_ACTION ITEM:_ Copy every line of the data that includes the string "shows".
◆ ◆ ◆ ◆ ◆
(* Let $n$ be a positive integer and $\Theta=\left[-\frac{1}{\sqrt n},+\frac{1}{\sqrt n}\right]^n$. Consider any (possibly randomized) learner that, for $t=1,\dots,T$, outputs $\hat c_t\in\Theta$ depending only on past observations $\{(X_i,x_i)\}_{i=1}^{t-1}$ (and its internal randomness). For any $T\ge n$ and $B>0$, there exist $c^*\in\Theta$ and non-empty compact sets $X_1,\dots,X_T\subseteq\mathbb{R}^n$ such that $$\max_{t=1,\dots,T}\max\{\langle c-c',x-x'\rangle: c,c'\in\Theta,\ x,x'\in X_t\}=B\quad\text{and}\quad\mathbb{E}\left[R^{c^*}_T\right]\ge\frac{Bn}{4},$$ where $R^{c^*}_T=\sum_{t=1}^T\langle c^*,x_t-\hat x_t\rangle$, $x_t\in\arg\max_{x\in X_t}\langle c^*,x\rangle$, $\hat x_t\in\arg\max_{x\in X_t}\langle\hat c_t,x\rangle$, and the expectation is over the learner's randomness. *)

theory Defs
  imports "HOL-Probability.Probability"
begin

definition Theta :: "(real^'n::finite) set" where
  "Theta = {c. \<forall>i. \<bar>c $ i\<bar> \<le> 1 / sqrt (real CARD('n))}"

definition hist :: "(nat \<Rightarrow> 'a set) \<Rightarrow> (nat \<Rightarrow> 'a) \<Rightarrow> nat \<Rightarrow> ('a set \<times> 'a) list" where
  "hist X x t = map (\<lambda>i. (X i, x i)) [1..<t]"

text \<open>A tie-breaking rule: sel X c is a maximiser of the linear objective c over X
  (for non-empty compact X).\<close>
definition argmax_selector :: "('a::real_inner set \<Rightarrow> 'a \<Rightarrow> 'a) \<Rightarrow> bool" where
  "argmax_selector sel \<longleftrightarrow>
     (\<forall>X c. compact X \<and> X \<noteq> {} \<longrightarrow> sel X c \<in> X \<and> (\<forall>y\<in>X. c \<bullet> y \<le> c \<bullet> sel X c))"

definition width :: "nat \<Rightarrow> (nat \<Rightarrow> (real^'n::finite) set) \<Rightarrow> real" where
  "width T X = (MAX t\<in>{1..T}. Sup {(c - c') \<bullet> (x - x') | c c' x x'.
        c \<in> Theta \<and> c' \<in> Theta \<and> x \<in> X t \<and> x' \<in> X t})"

definition regret ::
  "(nat \<Rightarrow> ((real^'n::finite) set \<times> (real^'n)) list \<Rightarrow> real^'n)
   \<Rightarrow> ((real^'n) set \<Rightarrow> real^'n \<Rightarrow> real^'n) \<Rightarrow> nat \<Rightarrow> real^'n \<Rightarrow> (nat \<Rightarrow> (real^'n) set) \<Rightarrow> real" where
  "regret L sel T cs X =
     (\<Sum>t=1..T. cs \<bullet> (sel (X t) cs - sel (X t) (L t (hist X (\<lambda>i. sel (X i) cs) t))))"

end

theory Submission
  imports Defs
begin

text \<open>Order the coordinates as e 1, ..., e n. In round t \<le> n the sets are X t = {a e_t, -a e_t}
  with a = B sqrt n / 4, later ones are {0}, and each round has width 4 a / sqrt n = B.
  The comparator c* has entries \<plusminus>1/sqrt n, whose signs are fixed one coordinate at a time:
  the expected regret of round t depends only on the signs of coordinates e 1, ..., e t, and
  flipping the sign of e t swaps the optimal point of round t without changing the learner's
  history. Hence the two choices have expected regrets summing to 2 a / sqrt n = B/2, and the
  better one contributes at least B/4 in each of the n rounds.\<close>

definition sign_vector :: "real \<Rightarrow> ('n \<Rightarrow> bool) \<Rightarrow> real^'n" where
  "sign_vector r s = (\<chi> j. if s j then r else - r)"

lemma sign_vector_nth [simp]: "sign_vector r s $ j = (if s j then r else - r)"
  by (simp add: sign_vector_def)

lemma sign_vector_in_Theta:
  "sign_vector (1 / sqrt (real CARD('n))) s \<in> (Theta :: (real^'n::finite) set)"
  by (simp add: Theta_def)

lemma Theta_nth_abs_le: "c \<in> Theta \<Longrightarrow> \<bar>c $ k\<bar> \<le> 1 / sqrt (real CARD('n))"
  for c :: "real^'n::finite"
  by (simp add: Theta_def)

lemma argmax_selectorD:
  assumes "argmax_selector sel" "compact X" "X \<noteq> {}"
  shows argmax_selector_mem: "sel X c \<in> X"
    and argmax_selector_max: "y \<in> X \<Longrightarrow> c \<bullet> y \<le> c \<bullet> sel X c"
  using assms unfolding argmax_selector_def by blast+

lemma argmax_selector_singleton: "argmax_selector sel \<Longrightarrow> sel {x} c = x"
  using argmax_selector_mem[of sel "{x}"] by simp

lemma argmax_selector_axis_pair:
  fixes c :: "real^'n::finite"
  assumes sel: "argmax_selector sel" and "0 < a" and "c $ k \<noteq> 0"
  shows "sel {axis k a, axis k (- a)} c = axis k (if 0 < c $ k then a else - a)"
proof -
  let ?P = "{axis k a, axis k (- a)}"
  have P: "compact ?P" "?P \<noteq> {}" by (simp_all add: finite_imp_compact)
  have "c \<bullet> axis k a \<le> c \<bullet> sel ?P c" "c \<bullet> axis k (- a) \<le> c \<bullet> sel ?P c"
    by (simp_all add: argmax_selector_max[OF sel P])
  with argmax_selector_mem[OF sel P, of c] assms(2,3) show ?thesis
    by (auto simp: inner_axis zero_le_mult_iff mult_le_0_iff)
qed

lemma sel_axis_pair_sign_vector:
  assumes "argmax_selector sel" "0 < a" "0 < r"
  shows "sel {axis k a, axis k (- a)} (sign_vector r s) = axis k (if s k then a else - a)"
  using argmax_selector_axis_pair[OF assms(1,2), of "sign_vector r s" k] assms(3) by simp

lemma sign_vector_regret_axis_pair:
  assumes "argmax_selector sel" "0 < a" "0 < r" "y \<in> {axis k a, axis k (- a)}"
  shows "sign_vector r s \<bullet> (sel {axis k a, axis k (- a)} (sign_vector r s) - y)
    = (if y = axis k (if s k then a else - a) then 0 else 2 * a * r)"
  using assms(2-4) by (auto simp: sel_axis_pair_sign_vector[OF assms(1-3)] inner_diff_right
      inner_axis axis_eq_axis)

definition round_width :: "(real^'n::finite) set \<Rightarrow> real" where
  "round_width X = Sup {(c - c') \<bullet> (x - x') | c c' x x'. c \<in> Theta \<and> c' \<in> Theta \<and> x \<in> X \<and> x' \<in> X}"

lemma width_eq_Max_round_width: "width T X = (MAX t\<in>{1..T}. round_width (X t))"
  by (simp add: width_def round_width_def)

lemma round_width_singleton: "round_width {x} = 0"
proof -
  have "{(c - c') \<bullet> (y - y') | c c' y y'. c \<in> Theta \<and> c' \<in> Theta \<and> y \<in> {x} \<and> y' \<in> {x}} = {0}"
    using sign_vector_in_Theta by fastforce
  then show ?thesis by (simp add: round_width_def)
qed

lemma round_width_axis_pair:
  fixes k :: "'n::finite"
  assumes "0 \<le> a"
  shows "round_width {axis k a, axis k (- a)} = 4 * a / sqrt (real CARD('n))"
proof -
  define r where "r = 1 / sqrt (real CARD('n))"
  have "0 < r" by (simp add: r_def)
  let ?P = "{axis k a, axis k (- a)} :: (real^'n) set"
  let ?S = "{(c - c') \<bullet> (x - x') | c c' x x'. c \<in> Theta \<and> c' \<in> Theta \<and> x \<in> ?P \<and> x' \<in> ?P}"
  have pair_inner: "(c - c') \<bullet> (axis k b - axis k b') = (c $ k - c' $ k) * (b - b')"
    for c c' :: "real^'n" and b b'
    by (simp add: inner_diff_left inner_diff_right inner_axis algebra_simps)
  have "4 * a * r
      = (sign_vector r (\<lambda>_. True) - sign_vector r (\<lambda>_. False)) \<bullet> (axis k a - axis k (- a))"
    by (simp add: pair_inner)
  moreover have "sign_vector r s \<in> (Theta :: (real^'n) set)" for s
    unfolding r_def by (rule sign_vector_in_Theta)
  ultimately have max_in: "4 * a * r \<in> ?S"
    by blast
  have "z \<le> 4 * a * r" if "z \<in> ?S" for z
  proof -
    obtain c c' b b' where z: "z = (c - c') \<bullet> (axis k b - axis k b')"
      and c: "c \<in> Theta" "c' \<in> Theta" and b: "\<bar>b\<bar> \<le> a" "\<bar>b'\<bar> \<le> a"
      using \<open>z \<in> ?S\<close> assms by fastforce
    have "z \<le> \<bar>c $ k - c' $ k\<bar> * \<bar>b - b'\<bar>"
      by (simp add: z pair_inner abs_mult[symmetric])
    also have "\<dots> \<le> (2 * r) * (2 * a)"
      using Theta_nth_abs_le[OF c(1), of k] Theta_nth_abs_le[OF c(2), of k] b
      by (intro mult_mono) (auto simp: r_def)
    finally show ?thesis by (simp add: algebra_simps)
  qed
  with max_in have "round_width ?P = 4 * a * r"
    unfolding round_width_def by (intro cSup_eq_maximum)
  then show ?thesis by (simp add: r_def)
qed

definition axis_instance :: "(nat \<Rightarrow> 'n) \<Rightarrow> nat \<Rightarrow> real \<Rightarrow> nat \<Rightarrow> (real^'n::finite) set" where
  "axis_instance e n a t = (if t \<in> {1..n} then {axis (e t) a, axis (e t) (- a)} else {0})"

lemma axis_instance_compact: "compact (axis_instance e n a t)"
  and axis_instance_nonempty: "axis_instance e n a t \<noteq> {}"
  by (simp_all add: axis_instance_def finite_imp_compact)

lemma width_axis_instance:
  fixes e :: "nat \<Rightarrow> 'n::finite"
  assumes "1 \<le> n" "n \<le> T" "0 \<le> a"
  shows "width T (axis_instance e n a) = 4 * a / sqrt (real CARD('n))"
proof -
  have "round_width (axis_instance e n a t)
      = (if t \<in> {1..n} then 4 * a / sqrt (real CARD('n)) else 0)" for t
    by (simp add: axis_instance_def round_width_axis_pair round_width_singleton assms(3))
  moreover have "1 \<in> {1..T}" "1 \<in> {1..n}" using assms(1,2) by auto
  ultimately show ?thesis
    unfolding width_eq_Max_round_width using assms(3)
    by (intro Max_eqI) (auto intro!: image_eqI[where x = 1])
qed

lemma sel_axis_instance_sign_vector:
  assumes "argmax_selector sel" "0 < a" "0 < r"
  shows "sel (axis_instance e n a t) (sign_vector r s)
    = (if t \<in> {1..n} then axis (e t) (if s (e t) then a else - a) else 0)"
  by (simp add: axis_instance_def sel_axis_pair_sign_vector[OF assms] argmax_selector_singleton[OF assms(1)])

lemma hist_cong: "(\<And>i. i \<in> {1..<t} \<Longrightarrow> x i = x' i) \<Longrightarrow> hist X x t = hist X x' t"
  by (simp add: hist_def)

definition round_regret ::
  "(nat \<Rightarrow> ((real^'n::finite) set \<times> (real^'n)) list \<Rightarrow> real^'n)
   \<Rightarrow> ((real^'n) set \<Rightarrow> real^'n \<Rightarrow> real^'n) \<Rightarrow> (nat \<Rightarrow> (real^'n) set) \<Rightarrow> real^'n \<Rightarrow> nat \<Rightarrow> real"
  where
  "round_regret L sel X cs t = cs \<bullet> (sel (X t) cs - sel (X t) (L t (hist X (\<lambda>i. sel (X i) cs) t)))"

lemma regret_eq_sum_round_regret: "regret L sel T cs X = (\<Sum>t=1..T. round_regret L sel X cs t)"
  by (simp add: regret_def round_regret_def)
◆ ◆ ◆ ◆ ◆
_FINISHED TASK:_
  shows argmax_selector_mem: "sel X c \<in> X"
  shows "sel {axis k a, axis k (- a)} c = axis k (if 0 < c $ k then a else - a)"
  shows "sel {axis k a, axis k (- a)} (sign_vector r s) = axis k (if s k then a else - a)"
  shows "sign_vector r s \<bullet> (sel {axis k a, axis k (- a)} (sign_vector r s) - y)
  shows "round_width {axis k a, axis k (- a)} = 4 * a / sqrt (real CARD('n))"
  shows "width T (axis_instance e n a) = 4 * a / sqrt (real CARD('n))"
  shows "sel (axis_instance e n a t) (sign_vector r s)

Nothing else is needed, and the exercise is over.